Ensemble methods¶
The ensemble methods are based on [Ruyssinck2014] . The three main executables work the same way and have the same options. They all work by resampling the expression data along samples and genes, which often reduces variance in their predictions:
el-ensemble
: Uses an ensemble of Elastic Net regression predictors.svm-ensemble
: Uses an ensemble of Support Vector Machine predictors.llr-ensemble
: Uses an ensemble of Support Vector Machine predictors.
The Elastic Net code uses the GLMNET Fortran backend from [Friedman2010] .
Running Ensembles¶
Each ensemble needs a minimum of two input files:
-i, --infile
: An expression matrix (genes are columns, samples are rows) without headers.-g, --genes
: A file containing gene names that correspond to columns in the expression matrix.
Here is an example matrix containing expression data for five genes in ten samples:
0.4254475 0.0178292 0.9079888 0.4482474 0.1723238
0.4424002 0.0505248 0.8693676 0.4458513 0.1733112
1.0568470 0.2084539 0.4674478 0.5050774 0.2448833
1.1172264 0.0030010 0.3176543 0.3872039 0.2537921
0.9710677 0.0010565 0.3546514 0.4745322 0.2077183
1.1393856 0.1220468 0.4024654 0.3484362 0.1686139
1.0648694 0.1405077 0.4817628 0.4748571 0.1826433
0.8761173 0.0738140 1.0582917 0.7303661 0.0536562
1.2059661 0.1534070 0.7608608 0.6558457 0.1577311
1.0006755 0.0789863 0.8036309 0.8389751 0.0883061
In the genes files, we provide the column headers for the expression matrix in order:
G1
G2
G3
G4
G5
With that, we can run the ensembles:
el-ensemble -i expr_mat.tsv -g genes.txt
svm-ensemble -i expr_mat.tsv -g genes.txt
llr-ensemble -i expr_mat.tsv -g genes.txt
The output is a square matrix of scores:
0 0 0.876 0.124 0
0.894 0 0.106 0 0
0.894 0 0 0.106 0
0.894 0 0.106 0 0
0.894 0 0.106 0 0
Optional arguments for the Ensemble methods¶
-s, --scale
: This triggers feature scaling of the expression matrix before the regression calculation. Generally this should be on.-X, --max-experiment-size
: In each resampling iteration, choose maximally this many samples along rows (experiments) of the dataset.-x, --min-experiment-size
: In each resampling iteration, choose minimally this many samples along rows (experiments) of the dataset.-P, --max-predictor-size
: In each resampling iteration, choose maximally this many genes along columns (predictors) of the dataset.-p, --min-predictor-size
: In each resampling iteration, choose minimally this many genes along columns (predictors) of the dataset.-e, --ensemble
: Perform this many resampling iterations for each gene.
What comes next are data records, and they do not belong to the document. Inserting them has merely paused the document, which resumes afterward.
(* Let $n \ge 4$ and let $\frac{a_1}{b_1} < \frac{a_2}{b_2} < \cdots$ be the Farey sequence of order $n$. Let $f(n)$ be the largest integer such that $(a_l - a_k)(b_l - b_k) \ge 0$ for all indices $k, l$ with $|l-k| \le f(n)$. Then $$f(n) \le \left\lfloor \frac{n}{4} \right\rfloor + d,$$ where $d = 1, 2, 2, 4$ according as $n \equiv 0, 1, 2, 3 \pmod 4$.
   Context: The Farey sequence of order $n$ is the increasing list of all reduced fractions $\frac{a}{b}$ with $0 \le \frac{a}{b} \le 1$ and $1 \le b \le n$ (including $\frac01$ and $\frac11$), each written in lowest terms. Two fractions $\frac{a}{b}, \frac{a'}{b'}$ (in lowest terms) are called similarly ordered if $(a'-a)(b'-b) \ge 0$. For $n \ge 4$ the Farey sequence of order $n$ contains two fractions that are not similarly ordered, so $f(n)$ is well defined. *)

theory Defs
  imports Complex_Main "HOL-Library.Product_Lexorder"
begin

text \<open>Indexing is 0-based (irrelevant for the statement, which only uses index differences).\<close>
definition farey :: "nat \<Rightarrow> (nat \<times> nat) list" where
  "farey n = sort_key (\<lambda>(a,b). (of_nat a / of_nat b :: rat))
     (sorted_list_of_set {(a,b). 1 \<le> b \<and> b \<le> n \<and> a \<le> b \<and> coprime a b})"

definition similarly_ordered :: "nat \<times> nat \<Rightarrow> nat \<times> nat \<Rightarrow> bool" where
  "similarly_ordered p q \<longleftrightarrow>
     (int (fst q) - int (fst p)) * (int (snd q) - int (snd p)) \<ge> 0"

definition farey_f :: "nat \<Rightarrow> nat" where
  "farey_f n = (GREATEST m. \<forall>k < length (farey n). \<forall>l < length (farey n).
      nat \<bar>int l - int k\<bar> \<le> m \<longrightarrow> similarly_ordered (farey n ! k) (farey n ! l))"

definition farey_d :: "nat \<Rightarrow> nat" where
  "farey_d n = (if n mod 4 = 0 then 1 else if n mod 4 = 1 then 2
                else if n mod 4 = 2 then 2 else 4)"

end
The sampling boundaries -X
, -x
, -P
and -p
default to 4/5th of
samples/predictors for the upper bound and 1/5th for the lower. In runs with small
experiment sizes (<50) one should set this manually higher to avoid undersampling.
In these cases, I suggest 90% for the upper boundary and 50% for the lower (in experiments). These are absolute numbers. E.g., if you have 50 samples and you want 50% - 90% as a lower & upper bound, set -x 25 -X 45
.
Running ensembles for a subset of genes¶
Often we have only a small number of genes of interest. We can instruct
the ensembles to only calculate interactions involving those genes by
providing a -t, --targets
file containing these gene names:
G3
G4
And running it with the -t, --targets
options:
llr-ensemble -i expr_mat.tsv -g genes.txt -t targets.txt
svm-ensemble -i expr_mat.tsv -g genes.txt -t targets.txt
el-ensemble -i expr_mat.tsv -g genes.txt -t targets.txt
In this case we will receive an edge list as output:
G3 G1 0.894
G3 G2 0
G3 G4 0.106
G3 G5 0
G4 G1 0.894
G4 G2 0
G4 G3 0.106
G4 G5 0
Running Ensembles in MPI mode¶
Each ensemble can use parallel processing. For general info
on how to run parallel algorithms in seidr
, please see Using multiple processors to infer networks
The difference between SVM and LLR¶
LLR and SVM are based on different implementations of SVMs in C. One is based on LibLinear , the other on LibSVM using a linear kernel. While they should in general agree most of the time, coefficients are handled differently. SVM is closer to the reference implementation by [Ruyssinck2014] , but LLR is much faster.